Stored data entries:

┌──

lemma lex_inf_in_box:
  assumes s: "s \<in> Tset k x i" and pt: "vll (char_point k x i s) t" and ts: "vle t s"
  shows "lex_inf_in (Gamma k) (distrF x ` {u. vll (char_point k x i s) u \<and> vle u s})
           (x {..char_point k x i s})"
    and "x {..char_point k x i s} \<in> Mset k i"
proof -
  define p where "p = char_point k x i s"
  obtain u where pu: "\<And>m. vll p (u m)" and ut: "\<And>m. vle (u m) t"
    and dec: "decseq (\<lambda>m. lower_orthant (u m))" and Inter: "(\<Inter>m. lower_orthant (u m)) = {..p}"
    using lower_orthants_decreasing_to_atMost pt unfolding p_def by blast
  have us: "vle (u m) s" for m
    using ut ts by (auto simp: vle_def intro: order_trans)
  have borel: "range (\<lambda>m. lower_orthant (u m)) \<subseteq> sets borel"
    by auto
  have p_borel: "{..p} \<in> sets borel"
    by (intro borel_closed) simp
  obtain N where "fst (x (lower_orthant (u N))) = fst (x {..p})"
    using fst_x_decseq_eventually[OF borel dec] Inter by auto
  moreover have "u N \<in> Tset k x i"
    using Tset_below[OF s] pu us unfolding p_def by blast
  ultimately show "x {..char_point k x i s} \<in> Mset k i"
    using x_in_Gamma[OF p_borel] by (simp add: Tset_iff Mset_def p_def)
  have inf: "lex_inf_in (Gamma k) (range (\<lambda>m. x (lower_orthant (u m)))) (x {..p})"
    using x_decseq_Inf[OF borel dec] Inter by simp
  show "lex_inf_in (Gamma k) (distrF x ` {u. vll (char_point k x i s) u \<and> vle u s})
      (x {..char_point k x i s})"
    unfolding lex_inf_in_def p_def[symmetric]
  proof (intro conjI ballI impI)
    show "x {..p} \<in> Gamma k"
      using x_in_Gamma[OF p_borel] .
    fix a assume "a \<in> distrF x ` {v. vll p v \<and> vle v s}"
    then obtain v where "vll p v" "a = x (lower_orthant v)"
      by (auto simp: distrF_eq_lower_orthant)
    then show "lexle (x {..p}) a"
      using p_borel by (simp add: x_mono atMost_subset_lower_orthant)
  next
    fix w assume w: "w \<in> Gamma k" "\<forall>a\<in>distrF x ` {v. vll p v \<and> vle v s}. lexle w a"
    then have "\<forall>a\<in>range (\<lambda>m. x (lower_orthant (u m))). lexle w a"
      using pu us by (auto simp: distrF_eq_lower_orthant)
    then show "lexle w (x {..p})"
      using inf w(1) by (simp add: lex_inf_in_def)
  qed
qed

end

theorem lemma4p2:
  fixes k i :: int
    and x :: "(real^'n) set \<Rightarrow> int \<times> 'g::lattice_ab_group_add"
    and s t :: "real^'n"
  assumes "k \<ge> 1"
    and "dedekind_sigma_complete TYPE('g)"
    and "observable k x"
    and "1 \<le> i" and "i \<le> k"
    and "s \<in> Tset k x i"
    and "vll (char_point k x i s) t" and "vle t s"
  shows "t \<in> Tset k x i \<and> approx_i k x i t s \<and>
         is_vinf {u. vll (char_point k x i s) u \<and> vle u s} (char_point k x i s) \<and>
         (\<exists>m. lex_inf_in (Gamma k) (distrF x ` {u. vll (char_point k x i s) u \<and> vle u s}) m
              \<and> m \<in> Mset k i)"
proof -
  interpret lex_observable k x
    by unfold_locales (rule assms(3))
  have "t \<in> Tset k x i"
    using Tset_below[OF assms(6-8)] .
  moreover have "char_point k x i t = char_point k x i s"
    using char_point_below[OF assms(6-8)] .
  moreover have "is_vinf {u. vll (char_point k x i s) u \<and> vle u s} (char_point k x i s)"
    using is_vinf_box[OF assms(7,8)] .
  moreover have "\<exists>m. lex_inf_in (Gamma k) (distrF x ` {u. vll (char_point k x i s) u \<and> vle u s}) m
      \<and> m \<in> Mset k i"
    using lex_inf_in_box[OF assms(6-8)] by blast
  ultimately show ?thesis
    using assms(6) by (simp add: approx_i_def)
qed

end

└──

◆ **What is expected**
Begin with the first line of the data above and, please, print each line exactly until you have printed the line containing "then obtain v"; print nothing else.

◆ **Answer for this exercise**
lemma lex_inf_in_box:
  assumes s: "s \<in> Tset k x i" and pt: "vll (char_point k x i s) t" and ts: "vle t s"
  shows "lex_inf_in (Gamma k) (distrF x ` {u. vll (char_point k x i s) u \<and> vle u s})
           (x {..char_point k x i s})"
    and "x {..char_point k x i s} \<in> Mset k i"
proof -
  define p where "p = char_point k x i s"
  obtain u where pu: "\<And>m. vll p (u m)" and ut: "\<And>m. vle (u m) t"
    and dec: "decseq (\<lambda>m. lower_orthant (u m))" and Inter: "(\<Inter>m. lower_orthant (u m)) = {..p}"
    using lower_orthants_decreasing_to_atMost pt unfolding p_def by blast
  have us: "vle (u m) s" for m
    using ut ts by (auto simp: vle_def intro: order_trans)
  have borel: "range (\<lambda>m. lower_orthant (u m)) \<subseteq> sets borel"
    by auto
  have p_borel: "{..p} \<in> sets borel"
    by (intro borel_closed) simp
  obtain N where "fst (x (lower_orthant (u N))) = fst (x {..p})"
    using fst_x_decseq_eventually[OF borel dec] Inter by auto
  moreover have "u N \<in> Tset k x i"
    using Tset_below[OF s] pu us unfolding p_def by blast
  ultimately show "x {..char_point k x i s} \<in> Mset k i"
    using x_in_Gamma[OF p_borel] by (simp add: Tset_iff Mset_def p_def)
  have inf: "lex_inf_in (Gamma k) (range (\<lambda>m. x (lower_orthant (u m)))) (x {..p})"
    using x_decseq_Inf[OF borel dec] Inter by simp
  show "lex_inf_in (Gamma k) (distrF x ` {u. vll (char_point k x i s) u \<and> vle u s})
      (x {..char_point k x i s})"
    unfolding lex_inf_in_def p_def[symmetric]
  proof (intro conjI ballI impI)
    show "x {..p} \<in> Gamma k"
      using x_in_Gamma[OF p_borel] .
    fix a assume "a \<in> distrF x ` {v. vll p v \<and> vle v s}"
    then obtain v where "vll p v" "a = x (lower_orthant v)"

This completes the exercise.